Tags
cellarium, Hortus conclusus, jargonelles, medlars, melon house, quatrefoil, Quincunx, topiary, toxophily
She barricaded her land with hurdles
after the yew tunnel was traumatised
by those encroaching nouveau riche neighbours
with their breeze blocks and concrete pool surround.
They didn’t appreciate her medlars
were medieval and her melon house
was the stairway to a cellarium.
Her quinces failed to impress them, or bless
them with rare quintessence of quietude.
Those meddlers called her eccentric, with her
quatrefoils and quirky quincunx planting.
Jibbering jackdaws in chimneys warned her
that someone was uprooting history;
that eight genus of lilac were being jinxed
and that her jargonelles were jeopardised.
Eight thousand snowdrop bulbs were under siege.

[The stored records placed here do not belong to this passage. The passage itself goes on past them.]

theorem theorem3p2:
  fixes \<Omega> :: "(real^3) set" and \<rho> :: "real^3 \<Rightarrow> real"
    and P :: "real^3^3" and \<theta> G A1 A2 \<mu>0 m Hsat :: real
    and \<Lambda>1 \<Lambda>2 :: "real \<Rightarrow> real"
  assumes "\<Omega> \<noteq> {}" and "open \<Omega>" and "convex \<Omega>"
    and "\<rho> \<in> borel_measurable lborel"
    and "integrable lborel (\<lambda>x. (\<rho> x)\<^sup>2)"
    and "integrable lborel \<rho>"
    and "\<And>x. \<rho> x \<ge> 0"
    and "\<And>x. x \<notin> \<Omega> \<Longrightarrow> \<rho> x = 0"
    and "0 \<le> \<theta>" and "\<theta> < pi"
    and "G \<noteq> 0"
    and "sinusoidal \<Lambda>1" and "sinusoidal \<Lambda>2"
    and "\<mu>0 > 0" and "m > 0" and "Hsat > 0"
  shows "\<forall>t. \<exists>D. ((\<lambda>\<tau>. magn_integral \<rho> \<theta> A1 A2 \<Lambda>1 \<Lambda>2 G Hsat \<tau>) has_vector_derivative D) (at t)
            \<and> - (\<mu>0 * m) *\<^sub>R (P *v D)
              = - (\<mu>0 * m) *\<^sub>R (P *v (E_rot \<theta> *v embed_plane
                  (core_op (Hsat / G) (xray \<theta> \<rho>) (ffl_traj A1 A2 \<Lambda>1 \<Lambda>2 G t)
                    *v vector_derivative (ffl_traj A1 A2 \<Lambda>1 \<Lambda>2 G) (at t))))"
proof -
  have traj: "ffl_traj A1 A2 \<Lambda>1 \<Lambda>2 G differentiable (at t)" for t
    using assms(12,13) by (intro ffl_traj_differentiable sinusoidal_differentiable)
  show ?thesis
    using magn_integral_has_vector_derivative[OF assms(6,11) traj] by blast
qed

end
theorem theorem1:
  fixes k q \<beta> :: nat
  assumes "k \<ge> 1" and "q \<ge> 1"
    and "\<beta> \<le> (3*k^2 + 3*k + 1) - 1"
  shows "real (gamma_T k ((3*k^2 + 3*k + 1) * q + \<beta>)) \<le>
    (if \<beta> = 0
     then (real (3*k^2 + 3*k + 1) * real q ^ 2 + real (6*k + 3) * real q + 2) / 2
     else (real (3*k^2 + 3*k + 1) * real (q + 1) ^ 2 + real (6*k + 3) * real (q + 1) + 2) / 2)"
proof -
  define D where "D = 3 * k\<^sup>2 + 3 * k + 1"
  define Q where "Q = (if \<beta> = 0 then q else q + 1)"
  have "D * q + \<beta> \<le> D * Q" using assms(3) unfolding D_def Q_def by auto
  then have "2 * gamma_T k (D * q + \<beta>) \<le> D * Q\<^sup>2 + (6 * k + 3) * Q + 2"
    unfolding D_def by (rule gamma_T_bound_if_le_mult)
  then have "real (gamma_T k (D * q + \<beta>)) \<le> (real D * real Q ^ 2 + real (6 * k + 3) * real Q + 2) / 2"
    by (simp add: field_simps flip: of_nat_mult of_nat_power of_nat_add of_nat_le_iff)
  then show ?thesis unfolding D_def Q_def by (cases "\<beta> = 0") simp_all
qed

end
theorem lemma10:
  fixes A :: "('q::{finite,linorder}, 'g::{finite,linorder}, 'c::finite, 'r::finite, 'i::finite) vpa"
  shows "context_free (S0 A) \<and> context_free (S1 A)"
proof
  show "context_free (S0 A)"
    unfolding S0_eq_UN_label_lang cfg_lang_label_prods[symmetric]
    by (rule context_free_UN_syms_lang) (simp_all add: finite_label_prods)
  show "context_free (S1 A)"
    unfolding S1_eq_UN_label_lang cfg_lang_label_prods[symmetric]
    by (rule context_free_UN_syms_lang) (simp_all add: finite_label_prods finite_S1_start_rhss)
qed

end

Her newly grafted damson came from roots
in an orchard she’d helped a parent plant
fifty years before. Her jardinieres
nurtured joyous japonica bushes;
jeroboam-watered jonquils, jasmine,
but nothing was sacred to those next door.
In her tongue and groove conservatory,
she sat on the mouldering chaise longue
she had rescued from a suburban skip,
so wistful about her wisteria;
watchful of the adjacent “For Sale” sign.
Established yew can take a thousand years:
portions of it were folk her father knew.
But no one would abutt her butts again.
Toxophily was the sport for ladies
who set their sights and achieved a bull’s-eye
with every fleched missile they targetted.
“It’s strange thatch spontaneously combusts,”
the loss adjusters said in their report.
“My topiary skills are improving,”
she mused, as their pantechnicon arrived,
to cackles of derision from her cowls.
“Now I’ll think my green thoughts in a green shade,”
she sighed. “Pruning is so satisfying.”